Thank you all for participating! I hope many of you have fun with this! Don't hesitate to post any feedback in the thread!

More information:

  1. Invented myself
  2. gato-docs.its.txstate.edu/mathworks/DistributionOfLongestRun.pdf
  3. Feller "An introduction to probability theory and its applications Vol1" Chapter II "Elements of Combinatorial analysis"
  4. MacKay "Information Theory, Inference and Learning algorithms" http://www.inference.phy.cam.ac.uk/itila/p0.html
  5. http://www.math.uah.edu/stat/urn/OrderStatistics.html
  6. https://en.wikipedia.org/wiki/Fisher's_exact_test
  7. Feller "An introduction to probability theory and its applications Vol1" Chapter II "Elements of Combinatorial analysis"
  8. Feller "An introduction to probability theory and its applications Vol1" Chapter II "Elements of Combinatorial analysis"
  9. https://en.wikipedia.org/wiki/Newcomb's_paradox
 
Last edited:
Physics news on Phys.org
  • #2
2. The ##χ^2##-Test on the outcome gave me no informations. Therefore I considered the changes as random variable. For a fair coin the chances are ##50:50## to change or not. That costed only one observation, but ##198## are still fine.
The first sequence resulted in ##χ^2 = 6.5## which corresponds to an almost ##99\%## chance for not being random whereas the second got me ##0.3##, i.e. no statement about randomness by the ##χ^2##-Test can be made. So if I had no cut and paste errors, my answer is: The first sequence is hand made.
 
  • #3
4) If n is the total amount of fish

400/n must be equal to 100/400, therefor n = 1600. This is because you take 400 fish from the population randomly (uniformly distributed) and then you find 100 fish out of 400 that have been marked (again uniformly distributed). If you give more information about the liability I can give an interval.
 
  • #4
9. Just to make sure: You didn't give us a part of the Voynich manuscript, didn't you?

Edit:
I have taken the source text which is of 1342 bytes length and compressed it to 718 bytes.
Then I randomly choose texts of equal length (1342 bytes) from:
  1. New York Times → compressed 816 bytes
  2. Washington Post → compressed 817 bytes
  3. San Francisco Chronicle → compressed 820 bytes
  4. a Danish tourist site → compressed 810 bytes
  5. Helsingin Sanomat (Finnish newspaper) → compressed 804 bytes
  6. El País (Madrid) → compressed 882 bytes
The Spanish have had the longest sentences, too. Although I changed languages and content, the compressed files were all around 820 bytes long, except one which was longer. But none came even near the 718 bytes, so I didn't make any statistical test. My result: The text is likely artificial.
 
Last edited:
  • #5
fresh_42 said:
2. The ##χ^2##-Test on the outcome gave me no informations.

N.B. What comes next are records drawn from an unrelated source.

lemma bounded_term_bound:
  fixes \<beta> \<alpha> r m :: real
  assumes b: "\<beta> > 0" and r: "0 \<le> r" "r \<le> m" and \<alpha>: "\<alpha> \<ge> 0"
  shows "\<bar>2 * \<alpha> - 2 * m - 2 - 4 * \<beta> * m + 2 * (\<beta> * r + (1 - \<beta> * (m - r)) * r + (r ^ 2 - m * r))\<bar>
     \<le> 2 * \<alpha> + 2 * m + 2 + 4 * \<beta> * m + 2 * (\<beta> * m + m + \<beta> * m * m + m * m)"
proof -
  define s where "s = (m - r) * r"
  have s: "0 \<le> s" "s \<le> m * m" unfolding s_def using r by (auto intro: mult_mono)
  have "0 \<le> \<beta> * r" "\<beta> * r \<le> \<beta> * m" "0 \<le> \<beta> * s" "\<beta> * s \<le> \<beta> * (m * m)"
    using b r s by (auto intro: mult_left_mono)
  moreover have "(1 - \<beta> * (m - r)) * r = r - \<beta> * s" "r ^ 2 - m * r = - s"
    unfolding s_def by (simp_all add: algebra_simps power2_eq_square)
  moreover have "\<bar>2 * \<alpha> - 2 * m - 2 - 4 * bm + 2 * (u + (r - v) - s)\<bar>
      \<le> 2 * \<alpha> + 2 * m + 2 + 4 * bm + 2 * (bm + m + bmm + m * m)"
    if "0 \<le> u" "u \<le> bm" "0 \<le> v" "v \<le> bmm" for u v bm bmm :: real
    using that r s \<alpha> by (simp add: abs_le_iff)
  ultimately show ?thesis by (simp add: mult.assoc)
qed

definition increment_const :: "real \<Rightarrow> real \<Rightarrow> real \<Rightarrow> real" where
  "increment_const \<beta> \<alpha> m = (2 * \<alpha> + 2 * m + 2 + 4 * \<beta> * m + 2 * (\<beta> * m + m + \<beta> * m * m + m * m))
     + (4 + 2 * \<beta> * m) * ((\<beta> + 2) * m ^ 2)"

lemma increment_bound:
  fixes J Z \<beta> r m N \<alpha> :: real
  assumes b: "\<beta> > 0" and r: "0 \<le> r" "r \<le> m" and Z: "Z \<ge> N" "N \<ge> 1" and \<alpha>: "\<alpha> \<ge> 0"
    and J: "0 \<le> J" "J \<le> (\<beta> + 2) * m ^ 2 / N"
  shows "\<bar>J * (2 + 2 * (1 - \<beta> * (m - r)) / Z) + (2 * \<alpha> - 2 * m - 2 - 4 * \<beta> * m
            + 2 * (\<beta> * r + (1 - \<beta> * (m - r)) * r + (r ^ 2 - m * r))) / Z\<bar>
       \<le> increment_const \<beta> \<alpha> m / N"
proof -
  define E where "E = 2 * \<alpha> - 2 * m - 2 - 4 * \<beta> * m + 2 * (\<beta> * r + (1 - \<beta> * (m - r)) * r + (r ^ 2 - m * r))"
  define C where "C = 2 * \<alpha> + 2 * m + 2 + 4 * \<beta> * m + 2 * (\<beta> * m + m + \<beta> * m * m + m * m)"
  have "\<bar>E\<bar> \<le> C" unfolding E_def C_def by (rule bounded_term_bound[OF b r \<alpha>])
  then have "\<bar>E / Z\<bar> \<le> C / Z" using Z by (simp add: divide_right_mono)
  also have "\<dots> \<le> C / N" using \<open>\<bar>E\<bar> \<le> C\<close> Z by (intro divide_left_mono) auto
  finally have "\<bar>E / Z\<bar> \<le> C / N" .
  with J_term_bound[OF b r Z J]
  have "\<bar>J * (2 + 2 * (1 - \<beta> * (m - r)) / Z) + E / Z\<bar> \<le> (4 + 2 * \<beta> * m) * ((\<beta> + 2) * m ^ 2) / N + C / N"
    by (rule order.trans[OF abs_triangle_ineq add_mono])
  then show ?thesis unfolding E_def[symmetric] increment_const_def C_def[symmetric]
    by (simp add: add_divide_distrib add.commute)
qed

Therefore I considered the changes as random variable. For a fair coin the chances are ##50:50## to change or not. That costed only one observation, but ##198## are still fine.
The first sequence resulted in ##χ^2 = 6.5## which corresponds to an almost ##99\%## chance for not being random whereas the second got me ##0.3##, i.e. no statement about randomness by the ##χ^2##-Test can be made. So if I had no cut and paste errors, my answer is: The first sequence is hand made.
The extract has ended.